If you have no credit or poor credit, you might consider a credit-builder loan or a secured loan.

With a credit-builder loan, the lender puts the loan amount into a locked savings account. You make payments to the lender until the loan term is up — usually six to 24 months.

The lender will report each payment you make to the credit bureaus, which can help build your credit as long as you make your payments on time. At the end of the loan term, the lender will disburse the full loan amount to you. You may or may not earn interest, depending on the lender.

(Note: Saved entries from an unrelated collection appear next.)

lemma exists_hajlasz_approximation:
  assumes dense: "continuous_dense_in_Hajlasz m \<beta> p" and f: "f \<in> Hajlasz m \<beta> p"
    and Mr: "M_norm m \<beta> p f = ennreal Mr" "0 < Mr"
  obtains g E0 u h E G where "hajlasz_approximation \<mu> \<beta> C \<Gamma>s m p f g E0 u h E G"
    "lp_enorm m p (\<lambda>x. ennreal (g x)) \<le> ennreal (2 * Mr)"
    "(\<integral>\<^sup>+x. enn_powr (G x) p \<partial>m) \<le> ennreal ((2 * Mr) powr p)"
proof -
  obtain g where g: "hajlasz_gradient m \<beta> p f g" "lp_enorm m p (\<lambda>x. ennreal (g x)) < ennreal (2 * Mr)"
    using exists_hajlasz_gradient_less[of m \<beta> p f "ennreal (2 * Mr)"] Mr by (auto simp: ennreal_lessI)
  then obtain E0 where E0: "E0 \<in> sets borel" "emeasure m E0 = 0"
    "\<And>x y. x \<notin> E0 \<Longrightarrow> y \<notin> E0 \<Longrightarrow> \<bar>f x - f y\<bar> \<le> dist x y powr \<beta> * (g x + g y)"
    by (auto simp: hajlasz_gradient_def sets_m)
  have \<epsilon>_pos: "0 < Mr / (real (Suc n) * 2 ^ Suc n)" for n
    using Mr(2) by simp
  obtain u h where u: "\<And>n. continuous_on UNIV (u n)"
    and h: "\<And>n. hajlasz_gradient m \<beta> p (\<lambda>x. f x - u n x) (h n)"
    and lp_u: "\<And>n. lp_enorm m p (\<lambda>x. ennreal \<bar>f x - u n x\<bar>) < ennreal (Mr / (real (Suc n) * 2 ^ Suc n))"
    and lp_h: "\<And>n. lp_enorm m p (\<lambda>x. ennreal (h n x)) < ennreal (Mr / (real (Suc n) * 2 ^ Suc n))"
    using exists_continuous_approximations[where \<epsilon> = "\<lambda>n. Mr / (real (Suc n) * 2 ^ Suc n)", OF dense f \<epsilon>_pos]
    by blast
  from hajlasz_gradient_exceptional_sets[OF sets_m h]
  obtain E where E: "\<forall>n. E n \<in> sets borel \<and> emeasure m (E n) = 0 \<and> (\<forall>x y. x \<notin> E n \<longrightarrow> y \<notin> E n \<longrightarrow>
      \<bar>(f x - u n x) - (f y - u n y)\<bar> \<le> dist x y powr \<beta> * (h n x + h n y))" ..
  have meas: "f \<in> borel_measurable m" "g \<in> borel_measurable borel" "\<And>x. 0 \<le> g x"
    "\<And>n. u n \<in> borel_measurable m" "\<And>n. h n \<in> borel_measurable m" "\<And>n x. 0 \<le> h n x"
    using f g(1) h u
    by (auto simp: Hajlasz_def hajlasz_gradient_def in_Lp_def borel_measurable_continuous_onI)
  obtain G where G: "G \<in> borel_measurable m" "(\<integral>\<^sup>+x. enn_powr (G x) p \<partial>m) \<le> ennreal ((2 * Mr) powr p)"
    "\<And>n x. ennreal (Suc n * h n x) \<le> G x" "\<And>n x. ennreal (Suc n * \<bar>f x - u n x\<bar>) \<le> G x"
    using approximation_majorant[where f = f and u = u and h = h and M = m and Mr = Mr and p = p,
        OF p_ge_1 less_imp_le[OF Mr(2)] meas(1,4,5,6) less_imp_le[OF lp_u] less_imp_le[OF lp_h]]
    by blast
  have "(\<integral>\<^sup>+x. enn_powr (G x) p \<partial>m) \<noteq> \<infinity>"
    using G(2) by (auto simp: top_unique)
  then have "hajlasz_approximation \<mu> \<beta> C \<Gamma>s m p f g E0 u h E G"
    using E0 meas u E G by unfold_locales auto
  with g(2) G(2) show ?thesis
    by (intro that) auto
qed

lemma Hajlasz_Newtonian_representative:
  assumes dense: "continuous_dense_in_Hajlasz m \<beta> p" and f: "f \<in> Hajlasz m \<beta> p"
  shows "\<exists>f'. (AE x in m. f' x = f x) \<and> f' \<in> Ntilde \<Gamma>s \<mu> m p \<and>
    N_norm \<Gamma>s \<mu> m p f' \<le> ennreal (72 * C + 1) * M_norm m \<beta> p f"
proof (cases "M_norm m \<beta> p f = 0")
  case True
  show ?thesis
  proof (intro exI[of _ "\<lambda>x. 0"] conjI)
    show "AE x in m. 0 = f x"
      using AE_eq_0_if_M_norm_eq_0[OF sets_m _ f True] p_ge_1 by simp
    show "(\<lambda>x. 0) \<in> Ntilde \<Gamma>s \<mu> m p" "N_norm \<Gamma>s \<mu> m p (\<lambda>x. 0) \<le> ennreal (72 * C + 1) * M_norm m \<beta> p f"
      using zero_in_Ntilde[of p \<Gamma>s \<mu> m] p_ge_1 by simp_all
  qed
next
  case False
  then obtain Mr where Mr: "M_norm m \<beta> p f = ennreal Mr" "0 < Mr"
    using M_norm_less_top[OF f] by (cases "M_norm m \<beta> p f") (auto simp: ennreal_neq_top)
  then obtain g E0 u h E G where approximation: "hajlasz_approximation \<mu> \<beta> C \<Gamma>s m p f g E0 u h E G"
    and g: "lp_enorm m p (\<lambda>x. ennreal (g x)) \<le> ennreal (2 * Mr)"
    and G: "(\<integral>\<^sup>+x. enn_powr (G x) p \<partial>m) \<le> ennreal ((2 * Mr) powr p)"
    using exists_hajlasz_approximation[OF dense f] by blast
  interpret approximation: hajlasz_approximation \<mu> \<beta> C \<Gamma>s m p f g E0 u h E G
    by (rule approximation)
  have "(\<lambda>x. lim (\<lambda>n. u n x)) \<in> borel_measurable borel"
    using approximation.u by (intro borel_measurable_lim_metric borel_measurable_continuous_onI)
  moreover have "in_Lp m p f" "lp_enorm m p (\<lambda>x. ennreal \<bar>f x\<bar>) \<le> ennreal Mr"
    using f lp_enorm_le_M_norm[of m p f \<beta>] Mr(1) by (simp_all add: Hajlasz_def)
  ultimately have "(\<lambda>x. lim (\<lambda>n. u n x)) \<in> Ntilde \<Gamma>s \<mu> m p"
    "N_norm \<Gamma>s \<mu> m p (\<lambda>x. lim (\<lambda>n. u n x)) \<le> ennreal (72 * C + 1) * ennreal Mr"
    using Ntilde_and_N_norm_bound[OF _ approximation.AE_limit_eq _ approximation.weak_upper_gradient_limit
        less_imp_le[OF Mr(2)] _ approximation.g(1) g approximation.G(1) G]
    by blast+
  then show ?thesis
    using approximation.AE_limit_eq Mr(1) by auto
qed

end

theorem corollary5p6:
  fixes \<mu> m :: "'a::metric_space measure" and p \<beta> :: real and \<Gamma>s :: "'a rpath set"
  assumes "sets \<mu> = sets borel" and "\<forall>x. emeasure \<mu> {x} = 0"
    and "sets m = sets borel"
    and "1 \<le> p" and "0 < \<beta>"
    and "\<Gamma>s \<subseteq> Gamma_mu \<mu>" and "subpath_closed \<Gamma>s" and "joins_points \<Gamma>s"
    and "arc_chord \<mu> \<beta> \<Gamma>s"
    and "continuous_dense_in_Hajlasz m \<beta> p"
  shows "\<exists>C>0. \<forall>f \<in> Hajlasz m \<beta> p. \<exists>f'. (AE x in m. f' x = f x) \<and>
           f' \<in> Ntilde \<Gamma>s \<mu> m p \<and> N_norm \<Gamma>s \<mu> m p f' \<le> ennreal C * M_norm m \<beta> p f"
proof -
  obtain C where C: "0 < C"
    "\<forall>P\<in>\<Gamma>s. ennreal (diameter (pimage P) powr \<beta>) \<le> ennreal C * emeasure \<mu> (pimage P)"
    using assms(9) unfolding arc_chord_def by blast
  interpret newtonian_setting \<mu> \<beta> C \<Gamma>s m p
    using assms C by unfold_locales auto
  show ?thesis
    using Hajlasz_Newtonian_representative[OF assms(10)] C(1) by (intro exI[of _ "72 * C + 1"]) auto
qed

end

A secured loan requires you to provide an asset as collateral to qualify for the loan, such as a car or savings account. If you miss payments or default on the loan, the lender can take your collateral. You may be eligible for a lower interest rate on a secured loan versus a traditional unsecured personal loan, but you may not qualify for a large loan amount if you have a limited credit history.

4. Find a cosigner with good credit

Adding a cosigner with a good credit score to your loan — such as a family member or close friend — can increase your chances of loan approval if you have no credit or poor credit and can’t qualify independently.

Your cosigner is responsible for the loan if you can’t make your payments. But if you make all your payments on time, your credit can improve. A cosigner can also help you qualify for a lower interest rate and better terms than you might be able to get on your own.

5. Get credit for paying your bills

If your lenders or creditors report to the credit bureaus, you can build your credit by making on-time payments every month. But since credit reporting is voluntary, not all of them report your payments.

If you rent, talk to your landlord about reporting your payments to the credit bureaus. They’ll need to report your rent payments through a third party service, which may include a fee. You can also research rent-reporting services and enroll on your own. As your positive rent payments are reported to the bureaus, it can help improve your credit over time.

6. Monitor and dispute errors on your credit report

Errors can sometimes show up on your credit reports — like payments reported as late that you made on time or credit accounts you didn’t actually open — and drag your score down. It’s a good idea to monitor your credit reports at least once a year for any errors or potential fraudulent activity.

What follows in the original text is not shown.